By the Nyquist criterion, a flow feature must be at least twice as large as the vector spacing to be resolved by PIV; therefore, the minimum size detectable in the present experiments is about 240 μm. Length scales as small as 400 μm, approaching this resolution limit, were clearly detected in the results. The existence of smaller scales has been suggested based on calculation of the Kolmogorov scale (Liu et al. 2000). However, it has not been established whether the assumptions underlying Kolmogorov’s theory are valid in this short-duration flow of relatively low Reynolds number, and the smallest flow structures have yet to be directly observed. An extension of the current technique to higher resolution, by the use of higher optical magnification, will assist in this effort.

The results indicate that the flow downstream of the leaflet, even at peak systolic flow, is not capable of triggering red blood cell damage, which occurs above shear stresses of the order of hundreds of Pa (Leverett et al. 1972; Sutera and Joist 1992). On the other hand, the measured shear stresses are quite close to the lower limit for platelet activation leading to thrombosis (Kroll et al. 1996).

6 Conclusions

A novel scaled-up mechanical heart valve has been designed and used to measure the flow-field downstream of the leaflet tip with particle image velocimetry. Geometric scale-up and choice of test liquid enabled increase in effective spatial and temporal resolution by factors of 5.8 and 118, respectively. While the principle of scaling up a biomedical flow device is not novel, in this paper it has been developed with a rigorous theoretical analysis of the proper scale-up, accounting for rigid-body dynamics and friction, and of the effect of scaling on measurement error. On this basis, we have been able to improve the resolution of PIV measurements beyond the current limits for mechanical heart valves. In addition to the substantial resolution improvements, the scale-up is also beneficial for PIV accuracy, since the spatial and temporal discretisation errors are respectively 33.6 and 5.8 times smaller than in optimised physiological-scale experiments.

The shear stresses measured using PIV results are consistent with recent results in the literature at similar conditions and indicate that the systolic flow conditions are close to the lower limit for initiating thrombosis. The temporal resolution of the new measurements is sufficient to investigate the evolution of leaflet wake flow regimes and quantify vortex shedding. Spectral analysis has demonstrated that shedding frequency is similar to that observed for inclined flat plates in comparable flow conditions (low Reynolds number, impulsively started flow). Notably, the flow exhibits a different behaviour in systolic conditions, where the milder acceleration results in significantly higher shedding frequency.
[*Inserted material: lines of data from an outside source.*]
text \<open>The factor Suc b (instead of b) lets the case b = 0, where nothing is cut, fit the
same bounds.\<close>

lemma nd_formula_of_depth_bounded_circuit:
  assumes wf: "wf_circuit n C" and depth: "circuit_depth C \<le> D" and "q \<ge> 2"
  obtains b m F where "D < q ^ Suc b" "m * Suc b \<le> 4 * circuit_size C"
    "nd_formula n m F" "nd_computes F (circuit_eval C)"
    "fsize F \<le> (m + 1) * (2 ^ (2 * D div q + q) + 2)"
proof -
  define M :: nat where "M = 2 ^ (2 * D div q + q)"
  define b where "b = (LEAST b. D < q ^ Suc b)"
  have "D < q ^ Suc D"
  proof -
    have "D < 2 ^ D" by (rule less_exp)
    also have "\<dots> \<le> q ^ D" using \<open>q \<ge> 2\<close> by (rule power_mono) simp
    also have "\<dots> \<le> q ^ Suc D" using \<open>q \<ge> 2\<close> by simp
    finally show ?thesis .
  qed
  then have Db: "D < q ^ Suc b" unfolding b_def by (rule LeastI)
  consider "b = 0" | "b > 0" "q ^ b \<le> D"
    using not_less_Least[of "b - 1" "\<lambda>b. D < q ^ Suc b"] by (cases b) (auto simp: b_def)
  then show ?thesis
  proof cases
    case 1
    have "fsize (cut_formula (nodes C) {} idx (out_node C)) \<le> M" for idx
    proof -
      have "Suc (node_depth (nodes C) (out_node C)) \<le> 2 * D div q + q"
        using depth Db 1 by (simp add: circuit_depth_def)
      then show ?thesis
        using fsize_cut_formula_less_depth[of "nodes C" "{}" idx "out_node C"]
          power_increasing[of _ _ "2::nat"] unfolding M_def by (meson less_imp_le le_trans one_le_numeral)
    qed
    then obtain F where "nd_formula n 0 F" "nd_computes F (circuit_eval C)" "fsize F \<le> M + 2"
      using nd_formula_of_cut_set[OF wf, of "{}" M] by auto
    then show ?thesis using that[of b 0 F] Db by (simp add: M_def)
  next
    case 2
    obtain R where R: "finite R" "card R * b \<le> 2 * circuit_size C"
      "\<And>idx v. v \<in> insert (out_node C) R \<Longrightarrow> fsize (cut_formula (nodes C) R idx v) < 2 ^ (2 * D div q)"
      using exists_small_cut_set[OF wf depth _ 2] \<open>q \<ge> 2\<close> by auto
    have "(2::nat) ^ (2 * D div q) \<le> M" unfolding M_def by (intro power_increasing) auto
    then obtain F where "nd_formula n (card R) F" "nd_computes F (circuit_eval C)"
      "fsize F \<le> (card R + 1) * (M + 2)"
      using nd_formula_of_cut_set[OF wf R(1), of M] R(3) by (meson less_imp_le le_trans)
    moreover have "card R * Suc b \<le> 4 * circuit_size C"
    proof -
      have "card R \<le> card R * b" using \<open>b > 0\<close> by simp
      then show ?thesis using R(2) by (simp only: mult_Suc_right)
    qed
    ultimately show ?thesis using that[of b "card R" F] Db by (simp add: M_def)
  qed
qed

lemma log_le_mult_log_base:
  fixes c L q :: real
  assumes "c > 0" "L > 0" "q \<ge> 1" "k \<ge> 1" "c * L < q ^ k"
  shows "log 2 L \<le> k * (log 2 q + \<bar>log 2 c\<bar>)"
proof -
  have "log 2 L < log 2 (q ^ k / c)"
    using assms by (intro log_less) (auto simp: field_simps)
  also have "\<dots> = k * log 2 q - log 2 c"
    using assms by (simp add: log_divide_pos log_nat_power)
  also have "\<dots> \<le> k * log 2 q + k * \<bar>log 2 c\<bar>"
    using assms mult_right_mono[of 1 "real k" "\<bar>log 2 c\<bar>"] by simp
  finally show ?thesis by (simp add: algebra_simps)
qed

lemma two_power_div_le_powr:
  fixes x c \<epsilon> :: real
  assumes "x \<ge> 1" "real D \<le> c * log 2 x" "2 * c \<le> real q * \<epsilon>" "q > 0"
  shows "2 ^ (2 * D div q) \<le> x powr \<epsilon>"
proof -
  have "real (2 * D div q) \<le> 2 * real D / real q" using of_nat_div_le_of_nat[of "2 * D" q] by simp
  also have "\<dots> \<le> 2 * c * log 2 x / real q"
    using assms by (intro divide_right_mono) auto
  also have "\<dots> \<le> \<epsilon> * log 2 x"
    using assms mult_right_mono[OF assms(3), of "log 2 x"] by (simp add: field_simps)
  finally have "(2::real) ^ (2 * D div q) \<le> 2 powr (\<epsilon> * log 2 x)"
    by (simp add: powr_realpow[symmetric])
  also have "\<dots> = (2 powr log 2 x) powr \<epsilon>" by (simp add: powr_powr mult.commute)
  also have "\<dots> = x powr \<epsilon>" using assms by simp
  finally show ?thesis .
qed
lemma trajectory_convergent_if_eventually_const_policy:
  assumes "0 < s" and "\<forall>i\<ge>N. T i = c" and "trajectory \<alpha> \<beta> x0 u0 s T x"
  shows "convergent (\<lambda>i. x (i * s))"
proof (rule convergent_stride_if_eventually_periodic_contraction
    [where f = "\<lambda>k. opinion_step \<alpha> \<beta> x0 u0 (block_click s T k)" and q = "1 / 2" and M = "N * s"])
  show "\<bar>opinion_step \<alpha> \<beta> x0 u0 (block_click s T k) y
      - opinion_step \<alpha> \<beta> x0 u0 (block_click s T k) y'\<bar> \<le> 1 / 2 * \<bar>y - y'\<bar>" for k y y'
    by (rule opinion_step_contraction)
  show "opinion_step \<alpha> \<beta> x0 u0 (block_click s T (k + s))
      = opinion_step \<alpha> \<beta> x0 u0 (block_click s T k)" if "k \<ge> N * s" for k
    using block_click_periodic [OF assms(1,2) that] by simp
  show "x (Suc k) = opinion_step \<alpha> \<beta> x0 u0 (block_click s T k) (x k)" for k
    using assms(3) by (rule trajectory_Suc)
qed (use assms(1) in simp_all)

lemma decreasing_policy_LIMSEQ:
  assumes "0 < s" and "\<kappa> > 1"
    and "\<forall>i. T (Suc i) = nat \<lfloor>real (T i) / \<kappa>\<rfloor>"
    and "trajectory \<alpha> \<beta> x0 u0 s T x"
  shows "(\<lambda>i. x (i * s)) \<longlonglongrightarrow> x0"
proof -
  have "T i \<le> T 0 - i" for i
    using nat_seq_le_diff_if_decreasing [of T i] nat_floor_divide_le_pred [OF assms(2)] assms(3)
    by simp
  then have "\<forall>i\<ge>T 0. T i = 0"
    by (metis diff_is_0_eq le_zero_eq)
  with assms(1,4) show ?thesis
    by (intro trajectory_LIMSEQ_if_eventually_no_click)
qed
This result highlights the sensitivity of valve hemodynamic performance to the velocity waveform, confirming the need for realistic unsteady flow conditions.

The spatial resolution of 120 μm sets the minimum detectable wavelength of 240 μm. Preliminary analysis revealed active length scales down to that resolution limit. This result cannot exclude the possibility of smaller structures, whose investigation requires a further increase in resolution. In this paper, we have demonstrated the potential of the scale-up method to support enhanced resolution. This establishes the proposed approach for future measurement at even higher resolution (through higher optical magnification and tracer particle density), in order to shed light on the smallest flow structures in prosthetic device flow.